:: THE TASK ::
Once the line containing "finally show ?thesis ." is found in the entries below, reproduce it and every line after it, stopping at and including the line containing "define x f g"; reproduce nothing else, and keep each line exact.
__________
lemma knuthP_Suc_1: "knuthP (Suc p) 1 = (if p = 0 then 1 / 2 else 0)"
proof -
  have "knuthP (Suc p) 1 = (\<Sum>i=0..p. real (Suc i) * inv_sinhc_coeff (p - i) / fact (2 * Suc i))"
    unfolding knuthP_def by (simp only: sum.atLeast0_atMost_Suc_shift diff_Suc_Suc) simp
  also have "\<dots> = (\<Sum>i=0..p. inv_sinhc_coeff (p - i) / fact (2 * i + 1)) / 2"
    unfolding sum_divide_distrib
  proof (intro sum.cong refl)
    fix i
    have "fact (2 * Suc i) = 2 * real (Suc i) * (fact (2 * i + 1) :: real)"
      by (simp add: algebra_simps)
    then show "real (Suc i) * inv_sinhc_coeff (p - i) / fact (2 * Suc i)
        = inv_sinhc_coeff (p - i) / fact (2 * i + 1) / 2"
      by (simp del: of_nat_Suc)
  qed
  also have "\<dots> = (if p = 0 then 1 / 2 else 0)"
    unfolding inv_sinhc_coeff_conv by simp
  finally show ?thesis .
qed

definition beta_coeff :: "nat \<Rightarrow> real" where
  "beta_coeff k = (fact k)\<^sup>2 / fact (2 * k + 1)"

lemma beta_coeff_Suc: "2 * (2 * real k + 3) * beta_coeff (Suc k) = (real k + 1) * beta_coeff k"
proof -
  define x f g where "x = real k" and "f = (fact k :: real)" and "g = (fact (2 * k + 1) :: real)"
  have "(fact (Suc k))\<^sup>2 = (x + 1)\<^sup>2 * f\<^sup>2"
    by (simp add: x_def f_def power2_eq_square algebra_simps)
  moreover have "fact (2 * Suc k + 1) = 2 * (2 * x + 3) * (x + 1) * g"
    by (simp add: x_def g_def algebra_simps)
  moreover have "x \<ge> 0" "g \<noteq> 0"
    by (simp_all add: x_def g_def)
  ultimately show ?thesis
    unfolding beta_coeff_def x_def[symmetric] f_def[symmetric] g_def[symmetric]
    by (simp add: power2_eq_square)
qed

(* Agrees with bnk for 1 <= k <= n (bnk_eq_b_closed), but vanishes at k = n + 1, where bnk does not
   (there n - k truncates to 0); this makes b_closed_rec valid up to the diagonal. *)
definition b_closed :: "nat \<Rightarrow> nat \<Rightarrow> real" where
  "b_closed n k = (-1) ^ (n + k) * fact (2 * n) * (4 ^ k / 4 ^ n) * knuthP n k * beta_coeff k"

lemma bnk_eq_b_closed:
  assumes "1 \<le> k" "k \<le> n"
  shows "bnk n k = b_closed n k"
proof -
  have "(-1 :: real) ^ (n - k) = (-1) ^ (n + k)"
    using assms by (metis le_add_diff_inverse2 minus_one_power_iff even_add even_diff_nat)
  moreover have "(1/4 :: real) ^ (n - k) = 4 ^ k / 4 ^ n"
    using assms by (simp add: power_diff power_one_over)
  ultimately show ?thesis
    using knuth_gf_coeff[OF assms]
    by (simp add: bnk_def knuthA_def b_closed_def beta_coeff_def)
qed

lemma b_closed_rec:
  "(2 * real i + 1) * b_closed (Suc m) (Suc i)
     = (2 * real i + 5) * b_closed (Suc m) (Suc (Suc i))
       + real (Suc m) * (2 * real (Suc m) - 1) / (2 * (2 * real i + 3)) * b_closed m i"
proof -
  define x s G p \<beta> where "x = real i" and "s = ((-1) ^ (m + i) :: real)"
    and "G = (fact (2 * m) :: real)" and "p = (4 ^ i / 4 ^ m :: real)" and "\<beta> = beta_coeff i"
  define K where "K = real (Suc m) * (2 * real (Suc m) - 1)"
  have fact_double_Suc: "fact (2 * Suc m) = 2 * K * G"
    by (simp add: K_def G_def algebra_simps)
  have signs: "(-1) ^ (Suc m + Suc i) = s" "(-1) ^ (Suc m + Suc (Suc i)) = - s"
    by (simp_all add: s_def)
  have powers: "4 ^ Suc i / 4 ^ Suc m = p" "4 ^ Suc (Suc i) / 4 ^ Suc m = 4 * p"
    by (simp_all add: p_def)
  have nz: "2 * x + 3 \<noteq> 0" "2 * x + 5 \<noteq> 0"
    unfolding x_def by linarith+
  have beta1: "beta_coeff (Suc i) = \<beta> * (x + 1) / (2 * (2 * x + 3))"
    using beta_coeff_Suc[of i] nz by (simp add: x_def \<beta>_def field_simps)
  have beta2:
    "beta_coeff (Suc (Suc i)) = \<beta> * (x + 1) / (2 * (2 * x + 3)) * (x + 2) / (2 * (2 * x + 5))"
    using beta_coeff_Suc[of "Suc i"] nz unfolding beta1[symmetric] by (simp add: x_def field_simps)
  have b0: "b_closed m i = s * G * p * knuthP m i * \<beta>"
    by (simp add: b_closed_def s_def G_def p_def \<beta>_def)
  have b1: "b_closed (Suc m) (Suc i)
      = s * (2 * K * G) * p * knuthP (Suc m) (Suc i) * (\<beta> * (x + 1) / (2 * (2 * x + 3)))"
    unfolding b_closed_def signs powers fact_double_Suc beta1 ..
  have b2: "b_closed (Suc m) (Suc (Suc i))
      = - s * (2 * K * G) * (4 * p) * knuthP (Suc m) (Suc (Suc i))
          * (\<beta> * (x + 1) / (2 * (2 * x + 3)) * (x + 2) / (2 * (2 * x + 5)))"
    unfolding b_closed_def signs powers fact_double_Suc beta2 ..
  show ?thesis
    using nz unfolding b0 b1 b2 knuthP_rec[of m i] x_def[symmetric] K_def[symmetric]
    by (simp add: divide_simps) (simp add: algebra_simps)
qed

lemma b_closed_diag_pos: "0 < b_closed n n"
  by (simp add: b_closed_def knuthP_diag beta_coeff_def flip: mult_2)

lemma b_closed_above: "b_closed n (Suc n) = 0"
  by (simp add: b_closed_def knuthP_above)

lemma b_closed_1:
  assumes "2 \<le> n"
  shows "b_closed n 1 = 0"
proof -
  obtain p where "n = Suc p" "p \<noteq> 0"
    using assms by (cases n) auto
  then show ?thesis
    using knuthP_Suc_1[of p] by (simp add: b_closed_def)
qed

definition b_dominant :: "nat \<Rightarrow> nat \<Rightarrow> bool" where
  "b_dominant n k \<longleftrightarrow> 0 < b_closed n k \<and> 2 * b_closed n (Suc k) < b_closed n k"

lemma b_dominant_diag: "b_dominant n n"
  by (simp add: b_dominant_def b_closed_diag_pos b_closed_above)

lemma b_dominant_2:
  assumes "2 \<le> m" "0 < b_closed (Suc m) 3"
  shows "b_dominant (Suc m) 2"
proof -
  have "3 * b_closed (Suc m) 2 = 7 * b_closed (Suc m) 3"
    using b_closed_rec[of 1 m] b_closed_1[OF assms(1)] by (simp add: numeral_eq_Suc)
  with assms(2) show ?thesis
    by (simp add: b_dominant_def numeral_eq_Suc)
qed

lemma b_dominant_rec:
  assumes "b_dominant m i" "b_dominant (Suc m) (Suc (Suc i))"
  shows "b_dominant (Suc m) (Suc i)"
proof -
  define K where "K = real (Suc m) * (2 * real (Suc m) - 1)"
  have "0 < K"
    unfolding K_def by simp
  moreover have "(2 * real i + 3) * b_closed (Suc m) (Suc (Suc i))
      = (2 * real i + 7) * b_closed (Suc m) (Suc (Suc (Suc i)))
        + K / (2 * (2 * real i + 5)) * b_closed m (Suc i)"
    using b_closed_rec[of "Suc i" m] unfolding K_def by (simp add: algebra_simps)
  ultimately show ?thesis
    using three_term_dominance[of "real i" K, OF _ _ b_closed_rec[of i m, folded K_def]] assms
    by (simp add: b_dominant_def)
qed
__________
:: EXERCISE ANSWER ::
  finally show ?thesis .
qed

definition beta_coeff :: "nat \<Rightarrow> real" where
  "beta_coeff k = (fact k)\<^sup>2 / fact (2 * k + 1)"

lemma beta_coeff_Suc: "2 * (2 * real k + 3) * beta_coeff (Suc k) = (real k + 1) * beta_coeff k"
proof -
  define x f g where "x = real k" and "f = (fact k :: real)" and "g = (fact (2 * k + 1) :: real)"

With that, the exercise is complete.